▸ Action item
Output the entries verbatim, including every line.

▸ Input data
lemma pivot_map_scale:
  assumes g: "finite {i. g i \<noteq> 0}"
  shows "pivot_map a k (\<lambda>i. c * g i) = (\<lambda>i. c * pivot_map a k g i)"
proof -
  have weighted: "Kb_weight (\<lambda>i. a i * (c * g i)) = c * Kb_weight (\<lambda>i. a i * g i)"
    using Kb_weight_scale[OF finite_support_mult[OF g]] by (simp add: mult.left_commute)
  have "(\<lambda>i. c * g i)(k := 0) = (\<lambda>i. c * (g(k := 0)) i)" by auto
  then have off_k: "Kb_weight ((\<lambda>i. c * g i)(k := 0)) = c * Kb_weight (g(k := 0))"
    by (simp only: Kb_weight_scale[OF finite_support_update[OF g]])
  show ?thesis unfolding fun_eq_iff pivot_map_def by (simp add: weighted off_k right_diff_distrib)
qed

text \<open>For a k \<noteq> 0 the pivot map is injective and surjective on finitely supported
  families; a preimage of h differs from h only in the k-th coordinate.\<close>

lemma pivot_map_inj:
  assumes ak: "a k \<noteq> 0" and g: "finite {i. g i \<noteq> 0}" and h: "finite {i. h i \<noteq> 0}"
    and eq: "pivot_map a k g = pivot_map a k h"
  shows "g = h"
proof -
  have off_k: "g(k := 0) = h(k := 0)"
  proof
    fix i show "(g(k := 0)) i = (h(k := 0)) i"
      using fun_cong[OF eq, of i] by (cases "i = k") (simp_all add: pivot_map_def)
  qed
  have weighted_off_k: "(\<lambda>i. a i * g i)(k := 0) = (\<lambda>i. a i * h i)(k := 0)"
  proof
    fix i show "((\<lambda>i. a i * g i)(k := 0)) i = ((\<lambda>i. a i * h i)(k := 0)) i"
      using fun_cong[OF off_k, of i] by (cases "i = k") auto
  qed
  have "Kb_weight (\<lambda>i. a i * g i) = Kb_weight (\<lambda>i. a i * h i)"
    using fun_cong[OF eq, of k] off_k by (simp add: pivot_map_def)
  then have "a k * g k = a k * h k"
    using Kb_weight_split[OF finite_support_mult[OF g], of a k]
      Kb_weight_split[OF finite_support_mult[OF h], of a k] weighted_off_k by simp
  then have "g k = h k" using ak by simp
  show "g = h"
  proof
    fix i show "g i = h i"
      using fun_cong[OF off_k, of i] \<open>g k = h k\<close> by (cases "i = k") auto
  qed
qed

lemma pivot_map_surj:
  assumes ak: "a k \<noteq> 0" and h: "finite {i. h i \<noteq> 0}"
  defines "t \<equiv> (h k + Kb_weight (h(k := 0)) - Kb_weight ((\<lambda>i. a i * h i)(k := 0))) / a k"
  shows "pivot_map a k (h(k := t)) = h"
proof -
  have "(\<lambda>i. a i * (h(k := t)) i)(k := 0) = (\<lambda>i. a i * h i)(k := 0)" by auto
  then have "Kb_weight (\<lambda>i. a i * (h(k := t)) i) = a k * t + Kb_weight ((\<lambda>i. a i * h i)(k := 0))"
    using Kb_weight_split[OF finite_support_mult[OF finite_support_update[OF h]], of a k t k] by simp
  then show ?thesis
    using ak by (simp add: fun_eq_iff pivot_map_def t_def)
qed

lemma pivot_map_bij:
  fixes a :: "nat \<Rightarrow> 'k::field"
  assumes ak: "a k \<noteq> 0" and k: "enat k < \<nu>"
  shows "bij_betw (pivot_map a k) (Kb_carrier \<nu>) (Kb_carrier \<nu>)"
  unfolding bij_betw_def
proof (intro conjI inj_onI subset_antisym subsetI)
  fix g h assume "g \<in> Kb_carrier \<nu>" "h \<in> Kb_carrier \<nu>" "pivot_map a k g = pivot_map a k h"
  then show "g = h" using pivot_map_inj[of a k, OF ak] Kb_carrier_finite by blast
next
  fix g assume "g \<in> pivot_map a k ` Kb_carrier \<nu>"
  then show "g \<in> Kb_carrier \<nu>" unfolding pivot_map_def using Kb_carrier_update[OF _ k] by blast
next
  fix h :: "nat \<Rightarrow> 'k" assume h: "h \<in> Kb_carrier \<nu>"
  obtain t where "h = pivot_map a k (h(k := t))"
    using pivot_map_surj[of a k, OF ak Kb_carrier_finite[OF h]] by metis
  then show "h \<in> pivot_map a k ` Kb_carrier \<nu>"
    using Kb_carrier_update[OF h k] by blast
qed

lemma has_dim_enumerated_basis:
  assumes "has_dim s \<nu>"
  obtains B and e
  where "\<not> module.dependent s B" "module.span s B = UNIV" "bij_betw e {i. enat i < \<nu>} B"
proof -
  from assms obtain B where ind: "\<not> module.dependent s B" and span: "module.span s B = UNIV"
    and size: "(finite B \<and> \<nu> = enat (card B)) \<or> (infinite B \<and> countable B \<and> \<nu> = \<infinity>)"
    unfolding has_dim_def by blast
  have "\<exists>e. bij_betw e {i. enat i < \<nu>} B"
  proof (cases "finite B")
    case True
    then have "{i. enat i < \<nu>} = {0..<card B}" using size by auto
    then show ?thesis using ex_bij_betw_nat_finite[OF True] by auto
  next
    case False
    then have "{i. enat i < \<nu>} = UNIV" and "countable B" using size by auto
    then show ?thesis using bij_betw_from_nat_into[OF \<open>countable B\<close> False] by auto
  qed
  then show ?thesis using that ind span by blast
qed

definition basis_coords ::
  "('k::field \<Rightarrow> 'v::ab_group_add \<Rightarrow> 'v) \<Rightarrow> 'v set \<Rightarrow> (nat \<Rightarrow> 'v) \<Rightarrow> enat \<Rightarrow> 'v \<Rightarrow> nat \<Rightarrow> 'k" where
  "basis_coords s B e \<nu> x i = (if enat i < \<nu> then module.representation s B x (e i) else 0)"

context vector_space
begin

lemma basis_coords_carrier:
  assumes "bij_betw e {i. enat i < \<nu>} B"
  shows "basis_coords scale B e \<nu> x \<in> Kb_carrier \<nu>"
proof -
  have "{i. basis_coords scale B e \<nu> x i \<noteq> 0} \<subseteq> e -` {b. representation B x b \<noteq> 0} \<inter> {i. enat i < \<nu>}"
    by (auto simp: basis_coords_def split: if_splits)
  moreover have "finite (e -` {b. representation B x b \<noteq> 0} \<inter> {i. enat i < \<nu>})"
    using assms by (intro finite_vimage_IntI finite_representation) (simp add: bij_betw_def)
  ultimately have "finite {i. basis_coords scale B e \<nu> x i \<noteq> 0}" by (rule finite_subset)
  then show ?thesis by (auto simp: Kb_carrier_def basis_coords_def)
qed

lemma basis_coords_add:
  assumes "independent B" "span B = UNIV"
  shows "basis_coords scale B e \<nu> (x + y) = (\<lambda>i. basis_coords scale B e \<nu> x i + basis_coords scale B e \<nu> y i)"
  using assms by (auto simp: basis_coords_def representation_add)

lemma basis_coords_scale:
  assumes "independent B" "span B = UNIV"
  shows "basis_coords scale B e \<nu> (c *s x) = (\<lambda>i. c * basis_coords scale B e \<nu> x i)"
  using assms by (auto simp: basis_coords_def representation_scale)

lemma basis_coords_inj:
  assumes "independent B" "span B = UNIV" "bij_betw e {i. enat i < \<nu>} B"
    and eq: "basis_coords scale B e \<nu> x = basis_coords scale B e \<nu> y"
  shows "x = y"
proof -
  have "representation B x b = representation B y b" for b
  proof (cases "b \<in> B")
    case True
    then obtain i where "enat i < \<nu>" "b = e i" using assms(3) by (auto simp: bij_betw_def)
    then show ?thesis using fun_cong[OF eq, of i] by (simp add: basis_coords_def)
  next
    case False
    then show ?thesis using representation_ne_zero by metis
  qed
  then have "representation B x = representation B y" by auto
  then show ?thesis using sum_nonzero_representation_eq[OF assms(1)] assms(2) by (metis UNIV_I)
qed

▸ Reply
lemma pivot_map_scale:
  assumes g: "finite {i. g i \<noteq> 0}"
  shows "pivot_map a k (\<lambda>i. c * g i) = (\<lambda>i. c * pivot_map a k g i)"
proof -
  have weighted: "Kb_weight (\<lambda>i. a i * (c * g i)) = c * Kb_weight (\<lambda>i. a i * g i)"
    using Kb_weight_scale[OF finite_support_mult[OF g]] by (simp add: mult.left_commute)
  have "(\<lambda>i. c * g i)(k := 0) = (\<lambda>i. c * (g(k := 0)) i)" by auto
  then have off_k: "Kb_weight ((\<lambda>i. c * g i)(k := 0)) = c * Kb_weight (g(k := 0))"
    by (simp only: Kb_weight_scale[OF finite_support_update[OF g]])
  show ?thesis unfolding fun_eq_iff pivot_map_def by (simp add: weighted off_k right_diff_distrib)
qed

text \<open>For a k \<noteq> 0 the pivot map is injective and surjective on finitely supported
  families; a preimage of h differs from h only in the k-th coordinate.\<close>

lemma pivot_map_inj:
  assumes ak: "a k \<noteq> 0" and g: "finite {i. g i \<noteq> 0}" and h: "finite {i. h i \<noteq> 0}"
    and eq: "pivot_map a k g = pivot_map a k h"
  shows "g = h"
proof -
  have off_k: "g(k := 0) = h(k := 0)"
  proof
    fix i show "(g(k := 0)) i = (h(k := 0)) i"
      using fun_cong[OF eq, of i] by (cases "i = k") (simp_all add: pivot_map_def)
  qed
  have weighted_off_k: "(\<lambda>i. a i * g i)(k := 0) = (\<lambda>i. a i * h i)(k := 0)"
  proof
    fix i show "((\<lambda>i. a i * g i)(k := 0)) i = ((\<lambda>i. a i * h i)(k := 0)) i"
      using fun_cong[OF off_k, of i] by (cases "i = k") auto
  qed
  have "Kb_weight (\<lambda>i. a i * g i) = Kb_weight (\<lambda>i. a i * h i)"
    using fun_cong[OF eq, of k] off_k by (simp add: pivot_map_def)
  then have "a k * g k = a k * h k"
    using Kb_weight_split[OF finite_support_mult[OF g], of a k]
      Kb_weight_split[OF finite_support_mult[OF h], of a k] weighted_off_k by simp
  then have "g k = h k" using ak by simp
  show "g = h"
  proof
    fix i show "g i = h i"
      using fun_cong[OF off_k, of i] \<open>g k = h k\<close> by (cases "i = k") auto
  qed
qed

lemma pivot_map_surj:
  assumes ak: "a k \<noteq> 0" and h: "finite {i. h i \<noteq> 0}"
  defines "t \<equiv> (h k + Kb_weight (h(k := 0)) - Kb_weight ((\<lambda>i. a i * h i)(k := 0))) / a k"
  shows "pivot_map a k (h(k := t)) = h"
proof -
  have "(\<lambda>i. a i * (h(k := t)) i)(k := 0) = (\<lambda>i. a i * h i)(k := 0)" by auto
  then have "Kb_weight (\<lambda>i. a i * (h(k := t)) i) = a k * t + Kb_weight ((\<lambda>i. a i * h i)(k := 0))"
    using Kb_weight_split[OF finite_support_mult[OF finite_support_update[OF h]], of a k t k] by simp
  then show ?thesis
    using ak by (simp add: fun_eq_iff pivot_map_def t_def)
qed

lemma pivot_map_bij:
  fixes a :: "nat \<Rightarrow> 'k::field"
  assumes ak: "a k \<noteq> 0" and k: "enat k < \<nu>"
  shows "bij_betw (pivot_map a k) (Kb_carrier \<nu>) (Kb_carrier \<nu>)"
  unfolding bij_betw_def
proof (intro conjI inj_onI subset_antisym subsetI)
  fix g h assume "g \<in> Kb_carrier \<nu>" "h \<in> Kb_carrier \<nu>" "pivot_map a k g = pivot_map a k h"
  then show "g = h" using pivot_map_inj[of a k, OF ak] Kb_carrier_finite by blast
next
  fix g assume "g \<in> pivot_map a k ` Kb_carrier \<nu>"
  then show "g \<in> Kb_carrier \<nu>" unfolding pivot_map_def using Kb_carrier_update[OF _ k] by blast
next
  fix h :: "nat \<Rightarrow> 'k" assume h: "h \<in> Kb_carrier \<nu>"
  obtain t where "h = pivot_map a k (h(k := t))"
    using pivot_map_surj[of a k, OF ak Kb_carrier_finite[OF h]] by metis
  then show "h \<in> pivot_map a k ` Kb_carrier \<nu>"
    using Kb_carrier_update[OF h k] by blast
qed

lemma has_dim_enumerated_basis:
  assumes "has_dim s \<nu>"
  obtains B and e
  where "\<not> module.dependent s B" "module.span s B = UNIV" "bij_betw e {i. enat i < \<nu>} B"
proof -
  from assms obtain B where ind: "\<not> module.dependent s B" and span: "module.span s B = UNIV"
    and size: "(finite B \<and> \<nu> = enat (card B)) \<or> (infinite B \<and> countable B \<and> \<nu> = \<infinity>)"
    unfolding has_dim_def by blast
  have "\<exists>e. bij_betw e {i. enat i < \<nu>} B"
  proof (cases "finite B")
    case True
    then have "{i. enat i < \<nu>} = {0..<card B}" using size by auto
    then show ?thesis using ex_bij_betw_nat_finite[OF True] by auto
  next
    case False
    then have "{i. enat i < \<nu>} = UNIV" and "countable B" using size by auto
    then show ?thesis using bij_betw_from_nat_into[OF \<open>countable B\<close> False] by auto
  qed
  then show ?thesis using that ind span by blast
qed

definition basis_coords ::
  "('k::field \<Rightarrow> 'v::ab_group_add \<Rightarrow> 'v) \<Rightarrow> 'v set \<Rightarrow> (nat \<Rightarrow> 'v) \<Rightarrow> enat \<Rightarrow> 'v \<Rightarrow> nat \<Rightarrow> 'k" where
  "basis_coords s B e \<nu> x i = (if enat i < \<nu> then module.representation s B x (e i) else 0)"

context vector_space
begin

lemma basis_coords_carrier:
  assumes "bij_betw e {i. enat i < \<nu>} B"
  shows "basis_coords scale B e \<nu> x \<in> Kb_carrier \<nu>"
proof -
  have "{i. basis_coords scale B e \<nu> x i \<noteq> 0} \<subseteq> e -` {b. representation B x b \<noteq> 0} \<inter> {i. enat i < \<nu>}"
    by (auto simp: basis_coords_def split: if_splits)
  moreover have "finite (e -` {b. representation B x b \<noteq> 0} \<inter> {i. enat i < \<nu>})"
    using assms by (intro finite_vimage_IntI finite_representation) (simp add: bij_betw_def)
  ultimately have "finite {i. basis_coords scale B e \<nu> x i \<noteq> 0}" by (rule finite_subset)
  then show ?thesis by (auto simp: Kb_carrier_def basis_coords_def)
qed

lemma basis_coords_add:
  assumes "independent B" "span B = UNIV"
  shows "basis_coords scale B e \<nu> (x + y) = (\<lambda>i. basis_coords scale B e \<nu> x i + basis_coords scale B e \<nu> y i)"
  using assms by (auto simp: basis_coords_def representation_add)

lemma basis_coords_scale:
  assumes "independent B" "span B = UNIV"
  shows "basis_coords scale B e \<nu> (c *s x) = (\<lambda>i. c * basis_coords scale B e \<nu> x i)"
  using assms by (auto simp: basis_coords_def representation_scale)

lemma basis_coords_inj:
  assumes "independent B" "span B = UNIV" "bij_betw e {i. enat i < \<nu>} B"
    and eq: "basis_coords scale B e \<nu> x = basis_coords scale B e \<nu> y"
  shows "x = y"
proof -
  have "representation B x b = representation B y b" for b
  proof (cases "b \<in> B")
    case True
    then obtain i where "enat i < \<nu>" "b = e i" using assms(3) by (auto simp: bij_betw_def)
    then show ?thesis using fun_cong[OF eq, of i] by (simp add: basis_coords_def)
  next
    case False
    then show ?thesis using representation_ne_zero by metis
  qed
  then have "representation B x = representation B y" by auto
  then show ?thesis using sum_nonzero_representation_eq[OF assms(1)] assms(2) by (metis UNIV_I)
qed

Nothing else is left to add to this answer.